Task brief: Copy all of the data that follows without altering a word.

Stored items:
>>
(* Let $T$ be a tree with $n+1$ unlabeled vertices and $n$ directed edges labeled $1,\dots,n$, and let $I_T\in H_{2,n}$ be the corresponding monomial ideal. Then the dimension of the tangent space of $H_{2,n}$ at $I_T$ equals $\sum_v f(\deg(v))$, the sum over all vertices $v$ of $T$, where $f(a)=3(a-1)$ if $1\le a\le 3$ and $f(a)=a(a-1)$ if $a\ge 3$.
   Context: Over a field $K$, let $X=\begin{bmatrix}x_1&\cdots&x_n\\ y_1&\cdots&y_n\end{bmatrix}$, $K[X]$ $\mathbb{Z}^n$-graded by $\deg x_i=\deg y_i=e_i$. $H_{2,n}$ is the multigraded Hilbert scheme of $\mathbb{Z}^n$-homogeneous ideals $I$ with $\dim_K(K[X]/I)_u=u_1+\cdots+u_n+1$ for all $u\in\mathbb{N}^n$; its tangent space at $I$ is $\mathrm{Hom}_{K[X]}(I,K[X]/I)_0$. For distinct $i,j$, set $z_{ij}=x_j$ if the directed edge $j$ points away from edge $i$ (the tail of $j$ is the endpoint of $j$ closer to edge $i$), and $z_{ij}=y_j$ otherwise; $I_T=\langle z_{ij}z_{ji}:1\le i<j\le n\rangle$. *)

theory Defs
  imports Complex_Main "HOL-Library.Poly_Mapping" "HOL-Library.Function_Algebras"
begin

definition adj_without :: "('e \<Rightarrow> 'v) \<Rightarrow> ('e \<Rightarrow> 'v) \<Rightarrow> 'e set \<Rightarrow> ('v \<times> 'v) set" where
  "adj_without tail head D = {(tail e, head e) | e. e \<notin> D} \<union> {(head e, tail e) | e. e \<notin> D}"

text \<open>Connected in the undirected sense, and acyclic: every edge is a bridge
  (its endpoints are disconnected after deleting it; this also excludes loops
  and multiple edges).\<close>

definition is_tree :: "('e \<Rightarrow> 'v) \<Rightarrow> ('e \<Rightarrow> 'v) \<Rightarrow> bool" where
  "is_tree tail head \<longleftrightarrow>
     (\<forall>u v. (u, v) \<in> (adj_without tail head {})\<^sup>*) \<and>
     (\<forall>e. (tail e, head e) \<notin> (adj_without tail head {e})\<^sup>*)"

definition vdeg :: "('e::finite \<Rightarrow> 'v) \<Rightarrow> ('e \<Rightarrow> 'v) \<Rightarrow> 'v \<Rightarrow> nat" where
  "vdeg tail head v = card {e. tail e = v} + card {e. head e = v}"

text \<open>The tail of edge j is the endpoint of j closer to edge i (i \<noteq> j): in a tree
  this is the endpoint lying in the same component of T - j as edge i.\<close>

definition tail_closer :: "('e \<Rightarrow> 'v) \<Rightarrow> ('e \<Rightarrow> 'v) \<Rightarrow> 'e \<Rightarrow> 'e \<Rightarrow> bool" where
  "tail_closer tail head i j \<longleftrightarrow> (tail j, tail i) \<in> (adj_without tail head {j})\<^sup>*"

datatype 'e var = X 'e | Y 'e

type_synonym 'e monom = "'e var \<Rightarrow>\<^sub>0 nat"
type_synonym ('e, 'k) mpoly = "'e monom \<Rightarrow>\<^sub>0 'k"

definition pvar :: "'e var \<Rightarrow> ('e, 'k::comm_ring_1) mpoly" where
  "pvar v = Poly_Mapping.single (Poly_Mapping.single v 1) 1"

definition smult_mp :: "'k::comm_ring_1 \<Rightarrow> ('e, 'k) mpoly \<Rightarrow> ('e, 'k) mpoly" where
  "smult_mp c p = Poly_Mapping.map ((*) c) p"

definition mdeg :: "'e monom \<Rightarrow> 'e \<Rightarrow> nat" where
  "mdeg m e = Poly_Mapping.lookup m (X e) + Poly_Mapping.lookup m (Y e)"

definition homogeneous :: "('e \<Rightarrow> nat) \<Rightarrow> ('e, 'k::zero) mpoly \<Rightarrow> bool" where
  "homogeneous u p \<longleftrightarrow> (\<forall>m\<in>Poly_Mapping.keys p. mdeg m = u)"

definition ideal_gen :: "('e, 'k::comm_ring_1) mpoly set \<Rightarrow> ('e, 'k) mpoly set" where
  "ideal_gen S = module.span ((*) :: ('e, 'k) mpoly \<Rightarrow> _) S"

definition zvar :: "('e \<Rightarrow> 'v) \<Rightarrow> ('e \<Rightarrow> 'v) \<Rightarrow> 'e \<Rightarrow> 'e \<Rightarrow> 'e var" where
  "zvar tail head i j = (if tail_closer tail head i j then X j else Y j)"

definition I_T :: "('e \<Rightarrow> 'v) \<Rightarrow> ('e \<Rightarrow> 'v) \<Rightarrow> ('e, 'k::comm_ring_1) mpoly set" where
  "I_T tail head = ideal_gen {pvar (zvar tail head i j) * pvar (zvar tail head j i) | i j. i \<noteq> j}"

text \<open>For a monomial ideal I, R/I is modelled (as K-vector space and R-module)
  by the K-span of the standard monomials (monomials not in I); qproj is the
  projection R \<rightarrow> R/I, whose kernel is I, and r\<cdot>[q] = qproj (r*q).\<close>

definition qproj :: "('e, 'k::comm_ring_1) mpoly set \<Rightarrow> ('e, 'k) mpoly \<Rightarrow> ('e, 'k) mpoly" where
  "qproj I p = (\<Sum>m\<in>{m\<in>Poly_Mapping.keys p. Poly_Mapping.single m 1 \<notin> I}. Poly_Mapping.single m (Poly_Mapping.lookup p m))"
<<
Written solution:
(* Let $T$ be a tree with $n+1$ unlabeled vertices and $n$ directed edges labeled $1,\dots,n$, and let $I_T\in H_{2,n}$ be the corresponding monomial ideal. Then the dimension of the tangent space of $H_{2,n}$ at $I_T$ equals $\sum_v f(\deg(v))$, the sum over all vertices $v$ of $T$, where $f(a)=3(a-1)$ if $1\le a\le 3$ and $f(a)=a(a-1)$ if $a\ge 3$.
   Context: Over a field $K$, let $X=\begin{bmatrix}x_1&\cdots&x_n\\ y_1&\cdots&y_n\end{bmatrix}$, $K[X]$ $\mathbb{Z}^n$-graded by $\deg x_i=\deg y_i=e_i$. $H_{2,n}$ is the multigraded Hilbert scheme of $\mathbb{Z}^n$-homogeneous ideals $I$ with $\dim_K(K[X]/I)_u=u_1+\cdots+u_n+1$ for all $u\in\mathbb{N}^n$; its tangent space at $I$ is $\mathrm{Hom}_{K[X]}(I,K[X]/I)_0$. For distinct $i,j$, set $z_{ij}=x_j$ if the directed edge $j$ points away from edge $i$ (the tail of $j$ is the endpoint of $j$ closer to edge $i$), and $z_{ij}=y_j$ otherwise; $I_T=\langle z_{ij}z_{ji}:1\le i<j\le n\rangle$. *)

theory Defs
  imports Complex_Main "HOL-Library.Poly_Mapping" "HOL-Library.Function_Algebras"
begin

definition adj_without :: "('e \<Rightarrow> 'v) \<Rightarrow> ('e \<Rightarrow> 'v) \<Rightarrow> 'e set \<Rightarrow> ('v \<times> 'v) set" where
  "adj_without tail head D = {(tail e, head e) | e. e \<notin> D} \<union> {(head e, tail e) | e. e \<notin> D}"

text \<open>Connected in the undirected sense, and acyclic: every edge is a bridge
  (its endpoints are disconnected after deleting it; this also excludes loops
  and multiple edges).\<close>

definition is_tree :: "('e \<Rightarrow> 'v) \<Rightarrow> ('e \<Rightarrow> 'v) \<Rightarrow> bool" where
  "is_tree tail head \<longleftrightarrow>
     (\<forall>u v. (u, v) \<in> (adj_without tail head {})\<^sup>*) \<and>
     (\<forall>e. (tail e, head e) \<notin> (adj_without tail head {e})\<^sup>*)"

definition vdeg :: "('e::finite \<Rightarrow> 'v) \<Rightarrow> ('e \<Rightarrow> 'v) \<Rightarrow> 'v \<Rightarrow> nat" where
  "vdeg tail head v = card {e. tail e = v} + card {e. head e = v}"

text \<open>The tail of edge j is the endpoint of j closer to edge i (i \<noteq> j): in a tree
  this is the endpoint lying in the same component of T - j as edge i.\<close>

definition tail_closer :: "('e \<Rightarrow> 'v) \<Rightarrow> ('e \<Rightarrow> 'v) \<Rightarrow> 'e \<Rightarrow> 'e \<Rightarrow> bool" where
  "tail_closer tail head i j \<longleftrightarrow> (tail j, tail i) \<in> (adj_without tail head {j})\<^sup>*"

datatype 'e var = X 'e | Y 'e

type_synonym 'e monom = "'e var \<Rightarrow>\<^sub>0 nat"
type_synonym ('e, 'k) mpoly = "'e monom \<Rightarrow>\<^sub>0 'k"

definition pvar :: "'e var \<Rightarrow> ('e, 'k::comm_ring_1) mpoly" where
  "pvar v = Poly_Mapping.single (Poly_Mapping.single v 1) 1"

definition smult_mp :: "'k::comm_ring_1 \<Rightarrow> ('e, 'k) mpoly \<Rightarrow> ('e, 'k) mpoly" where
  "smult_mp c p = Poly_Mapping.map ((*) c) p"

definition mdeg :: "'e monom \<Rightarrow> 'e \<Rightarrow> nat" where
  "mdeg m e = Poly_Mapping.lookup m (X e) + Poly_Mapping.lookup m (Y e)"

definition homogeneous :: "('e \<Rightarrow> nat) \<Rightarrow> ('e, 'k::zero) mpoly \<Rightarrow> bool" where
  "homogeneous u p \<longleftrightarrow> (\<forall>m\<in>Poly_Mapping.keys p. mdeg m = u)"

definition ideal_gen :: "('e, 'k::comm_ring_1) mpoly set \<Rightarrow> ('e, 'k) mpoly set" where
  "ideal_gen S = module.span ((*) :: ('e, 'k) mpoly \<Rightarrow> _) S"

definition zvar :: "('e \<Rightarrow> 'v) \<Rightarrow> ('e \<Rightarrow> 'v) \<Rightarrow> 'e \<Rightarrow> 'e \<Rightarrow> 'e var" where
  "zvar tail head i j = (if tail_closer tail head i j then X j else Y j)"

definition I_T :: "('e \<Rightarrow> 'v) \<Rightarrow> ('e \<Rightarrow> 'v) \<Rightarrow> ('e, 'k::comm_ring_1) mpoly set" where
  "I_T tail head = ideal_gen {pvar (zvar tail head i j) * pvar (zvar tail head j i) | i j. i \<noteq> j}"

text \<open>For a monomial ideal I, R/I is modelled (as K-vector space and R-module)
  by the K-span of the standard monomials (monomials not in I); qproj is the
  projection R \<rightarrow> R/I, whose kernel is I, and r\<cdot>[q] = qproj (r*q).\<close>

definition qproj :: "('e, 'k::comm_ring_1) mpoly set \<Rightarrow> ('e, 'k) mpoly \<Rightarrow> ('e, 'k) mpoly" where
  "qproj I p = (\<Sum>m\<in>{m\<in>Poly_Mapping.keys p. Poly_Mapping.single m 1 \<notin> I}. Poly_Mapping.single m (Poly_Mapping.lookup p m))"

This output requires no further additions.